Beyond their roles as direct catalytic agents, ILs redefine reaction landscapes when employed as advanced, structured solvents. This section examines intensification achieved not through the IL's inherent catalytic sites, but via its capacity to create a finely-tuned solvation environment that manipulates reaction coordinates at a molecular level. The intensification arises from the IL's ability to pre-organize reactants, stabilize transient species, and alter local concentrations through a combination of its unique and designer physicochemical properties.
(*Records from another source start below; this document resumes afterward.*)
text \<open>A pair in W(m(l0)) is determined by the unmarked edge on its path, whose ends lead down to
  the two terminals along marked edges; that edge is incident to the marked run because the path
  also contains the marked edge below l0.\<close>
lemma card_W_set_le:
  assumes m: "\<forall>l\<in>S. m l \<in> children F (Inr r) (Inr l)" and l0: "l0 \<in> S"
    and P: "parent_chain F (Inr r) P" "hd P = Inr l0"
  shows "card (W_set T S F m {Inr l0, m l0}) \<le> card (\<Union>y\<in>marked_run m P. unmarked_edges_at F S m y)"
proof -
  let ?B = "\<Union>y\<in>marked_run m P. unmarked_edges_at F S m y"
  have "finite ?B"
    using finite_edges by (rule rev_finite_subset) (auto simp: unmarked_edges_at_def)
  have "W_set T S F m {Inr l0, m l0} \<subseteq> (\<lambda>f. Inl -` marked_leaf S m ` f) ` ?B"
  proof
    fix pr assume "pr \<in> W_set T S F m {Inr l0, m l0}"
    then obtain a b xs where pr: "pr = {a, b}"
      and xs: "tpath F xs" "hd xs = Inl a" "last xs = Inl b"
      and e: "{Inr l0, m l0} \<in> path_edges xs" and "card (path_edges xs - marked_edges S m) = 1"
      unfolding W_set_def by blast
    then obtain f where f: "path_edges xs - marked_edges S m = {f}" by (meson card_1_singletonE)
    then obtain as u v bs where split: "xs = as @ u # v # bs" "f = {u, v}"
      "path_edges xs = insert f (path_edges (u # rev as) \<union> path_edges (v # bs))"
      "marked_descent S m (u # rev as)" "last (u # rev as) = Inl a"
      "marked_descent S m (v # bs)" "last (v # bs) = Inl b"
      by (rule tpath_split_at_unmarked_edge[OF xs])
    have "marked_leaf S m u = Inl a" "marked_leaf S m v = Inl b"
      using marked_leaf_eq[OF split(4)] marked_leaf_eq[OF split(6)] split(5,7) by simp_all
    then have pr_eq: "pr = Inl -` marked_leaf S m ` f" using pr split(2) by auto
    have "{Inr l0, m l0} \<in> marked_edges S m" unfolding marked_edges_def using l0 by blast
    moreover have "f \<notin> marked_edges S m" using f by blast
    ultimately have "{Inr l0, m l0} \<noteq> f" by blast
    then have "{Inr l0, m l0} \<in> path_edges (u # rev as) \<union> path_edges (v # bs)"
      using e unfolding split(3) by blast
    then have "Inr l0 \<in> set (u # rev as) \<or> Inr l0 \<in> set (v # bs)"
      using path_edges_subset_set[of "{Inr l0, m l0}"] by blast
    then have "u \<in> marked_run m P \<or> v \<in> marked_run m P"
      using marked_descent_hd_in_marked_run[OF m P split(4)]
        marked_descent_hd_in_marked_run[OF m P split(6)] by auto
    moreover have "f \<in> F" using f xs(1) unfolding tpath_iff_path_edges by blast
    ultimately have "f \<in> ?B"
      using split(2) \<open>f \<notin> marked_edges S m\<close> unfolding unmarked_edges_at_def by blast
    then show "pr \<in> (\<lambda>f. Inl -` marked_leaf S m ` f) ` ?B" using pr_eq by blast
  qed
  then have "card (W_set T S F m {Inr l0, m l0}) \<le> card ((\<lambda>f. Inl -` marked_leaf S m ` f) ` ?B)"
    using \<open>finite ?B\<close> by (intro card_mono) auto
  also have "\<dots> \<le> card ?B" using \<open>finite ?B\<close> by (rule card_image_le)
  finally show ?thesis .
qed

lemma w_val_le_run_weight:
  assumes m: "\<forall>l\<in>S. m l \<in> children F (Inr r) (Inr l)" and l0: "l0 \<in> S"
    and P: "parent_chain F (Inr r) P" "hd P = Inr l0"
  shows "w_val T S F m {Inr l0, m l0}
    \<le> card (children F (Inr r) (Inr l0)) - 1 + run_weight (\<lambda>x. card (children F (Inr r) x)) m P"
  unfolding w_val_def
  using order_trans[OF card_W_set_le[OF assms] card_unmarked_along_run_le[OF m P(1)]] P(2) l0
  by simp

lemma parent_chain_mark_candidates:
  assumes P: "parent_chain F (Inr r) P" "hd P \<in> Inr ` S" and i: "Suc i < length P"
  shows "\<exists>l\<in>S. P ! Suc i = Inr l \<and> (P ! i \<in> mark_candidates T F (Inr r) l \<longrightarrow>
    card (children F (Inr r) (P ! Suc i)) = card (mark_candidates T F (Inr r) l))"
proof -
  have "P ! i \<in> children F (Inr r) (P ! Suc i)" using parent_chain_nth[OF P(1) i] .
  then obtain l where "l \<in> S" "P ! Suc i = Inr l" using parent_Steiner by blast
  moreover have "P ! i \<in> set P" using i by simp
  then have "P ! i \<notin> Inl ` T" using parent_chain_Steiner[OF P] by auto
  ultimately show ?thesis using mark_candidates_eq_children by metis
qed

lemma c_val_le_Hhat:
  assumes l0: "l0 \<in> S"
  shows "c_val T S F (Inr r) l0 \<le> Hhat (card (children F (Inr r) (Inr l0)))"
proof (cases "markings T S F (Inr r) = {}")
  case True
  then show ?thesis unfolding c_val_def using Hhat_nonneg by simp
next
  case False
  let ?d = "\<lambda>x. card (children F (Inr r) x)" and ?M = "markings T S F (Inr r)"
  have M: "?M = PiE S (mark_candidates T F (Inr r))" unfolding markings_def ..
  have fin: "finite S" "\<forall>l\<in>S. finite (mark_candidates T F (Inr r) l)"
    using finite_Steiner rev_finite_subset[OF finite_children mark_candidates_subset] by auto
  have m: "\<forall>l\<in>S. m l \<in> children F (Inr r) (Inr l)" if "m \<in> ?M" for m
    using that mark_candidates_subset unfolding M by (meson PiE_mem subsetD)
  obtain m0 where "m0 \<in> ?M" using False by blast
  then have "children F (Inr r) (Inr l0) \<noteq> {}" using m l0 by blast
  then have d: "Suc (?d (Inr l0) - 1) = ?d (Inr l0)"
    using finite_children[of "Inr l0"] by (simp add: card_gt_0_iff)
  obtain P where P: "parent_chain F (Inr r) P" "hd P = Inr l0"
    using parent_chain_exists l0 nodes_eq by blast
  then have "P \<noteq> []" by (cases P) auto
  have "hd P \<in> Inr ` S" using P(2) l0 by simp
  have "(\<Sum>m\<in>?M. harm (w_val T S F m {Inr l0, m l0}))
      \<le> (\<Sum>m\<in>?M. harm (?d (Inr l0) - 1 + run_weight ?d m P) :: real)"
    using w_val_le_run_weight[OF m l0 P] by (intro sum_mono harm_mono) auto
  also have "\<dots> \<le> card ?M * Hhat (Suc (?d (Inr l0) - 1))"
    unfolding M
    by (rule sum_harm_run_weight_le[OF fin parent_chain_distinct[OF P(1)] \<open>P \<noteq> []\<close>])
      (rule parent_chain_mark_candidates[OF P(1) \<open>hd P \<in> Inr ` S\<close>])
  also have "\<dots> = card ?M * Hhat (?d (Inr l0))" unfolding d ..
  finally have "(\<Sum>m\<in>?M. harm (w_val T S F m {Inr l0, m l0})) \<le> card ?M * Hhat (?d (Inr l0))" .
  moreover have "0 < card ?M" using False fin unfolding M by (simp add: card_gt_0_iff finite_PiE)
  ultimately show ?thesis unfolding c_val_def by (simp add: divide_le_eq mult.commute)
qed

end

theorem lemma6:
  fixes V :: "'v set" and E :: "'e set" and ends :: "'e \<Rightarrow> 'v set"
    and L :: "'l set" and lends :: "'l \<Rightarrow> 'v set"
    and OPT :: "'l set" and F :: "('v + 'l) set set" and r :: 'l
  assumes inst: "cacap_instance V E ends L lends"
    and opt: "cacap_opt V E ends L lends OPT"
    and st: "steiner_tree V E ends L lends (Inl ` terminals V E ends \<union> Inr ` OPT) F"
    and size: "card F = card OPT + card (terminals V E ends) - 1"
    and leaves: "\<forall>t\<in>terminals V E ends. card {e\<in>F. Inl t \<in> e} = 1"
    and root: "r \<in> OPT" "\<exists>t\<in>terminals V E ends. {Inr r, Inl t} \<in> F"
  shows "\<forall>l\<in>OPT. c_val (terminals V E ends) OPT F (Inr r) l
                 \<le> Hhat (card (children F (Inr r) (Inr l)))"
proof
  fix l assume "l \<in> OPT"
  interpret leaf_terminal_tree "Inl ` terminals V E ends \<union> Inr ` OPT" F r "terminals V E ends" OPT
    using st leaves root(1) by unfold_locales (auto simp: steiner_tree_def)
  show "c_val (terminals V E ends) OPT F (Inr r) l \<le> Hhat (card (children F (Inr r) (Inr l)))"
    using c_val_le_Hhat \<open>l \<in> OPT\<close> .
qed

end
lemma reduce_eq_commutator_mult:
  assumes "snd a \<in> S" and "snd ` set p \<subseteq> S"
  shows "reduce (a # p @ inv_letter a # q)
           = [a] \<otimes>\<^bsub>free_grp S\<^esub> reduce p \<otimes>\<^bsub>free_grp S\<^esub> inv\<^bsub>free_grp S\<^esub> [a]
               \<otimes>\<^bsub>free_grp S\<^esub> inv\<^bsub>free_grp S\<^esub> (reduce p) \<otimes>\<^bsub>free_grp S\<^esub> reduce (p @ q)"
proof -
  have "[a] \<in> carrier (free_grp S)" and "reduce p \<in> carrier (free_grp S)"
    using assms by (simp add: carrier_free_grp, intro reduce_in_carrier_free_grp)
  then have "[a] \<otimes>\<^bsub>free_grp S\<^esub> reduce p \<otimes>\<^bsub>free_grp S\<^esub> inv\<^bsub>free_grp S\<^esub> [a]
               \<otimes>\<^bsub>free_grp S\<^esub> inv\<^bsub>free_grp S\<^esub> (reduce p) \<otimes>\<^bsub>free_grp S\<^esub> reduce (p @ q)
               = reduce ((a # p @ [inv_letter a]) @ inv_word p @ p @ q)"
    by (simp add: inv_free_grp)
  also have "\<dots> = reduce ((a # p @ [inv_letter a]) @ reduce (inv_word p @ p @ q))"
    by (simp only: reduce_append_reduce_right)
  also have "\<dots> = reduce ((a # p @ [inv_letter a]) @ q)"
    by (simp only: reduce_inv_word_cancel_left reduce_append_reduce_right)
  finally show ?thesis
    by simp
qed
The pre-organized and highly polarized microenvironment within ILs is a cornerstone of their solvent-effect intensification. Unlike molecular solvents with transient polarity, the inherent ionic character of ILs generates a persistent, high-electric-field environment. This robust polarity can be precisely modulated by altering cation–anion combinations, allowing for the systematic solvation of polar reactants and the stabilization of charged or dipolar transition states. In nucleophilic substitution reactions (e.g., SN₂ reactions), this strong solvation can significantly lower the activation energy barrier by stabilizing the transition state more effectively than conventional solvents, leading to rate enhancements of several orders of magnitude.⁵³ This effect transcends mere solubilization, the IL acts as a dynamic participant that actively biases the reaction pathway toward the desired outcome.⁵⁴

A powerful mechanism of intensification involves direct hydrogen-bonding interactions. ILs can function as versatile hydrogen-bond donors and/or acceptors, engaging in specific, directional interactions with solutes. As depicted in Fig. 4, this capability is pivotal in reactions like lignin demethylation,⁵⁵ where ILs form critical hydrogen bonds that facilitate bond cleavage. Similarly, in Diels–Alder cycloadditions, ILs do not merely provide an inert medium. They can selectively stabilize the electron-poor, polarized transition state through hydrogen-bond donation to the dienophile, thereby reducing the activation energy and enabling high yields and exceptional endo/exo selectivity under remarkably mild conditions.⁵⁶ The reported rate accelerations of an order of magnitude compared to molecular solvents underscore the profound kinetic influence of this specific solvation.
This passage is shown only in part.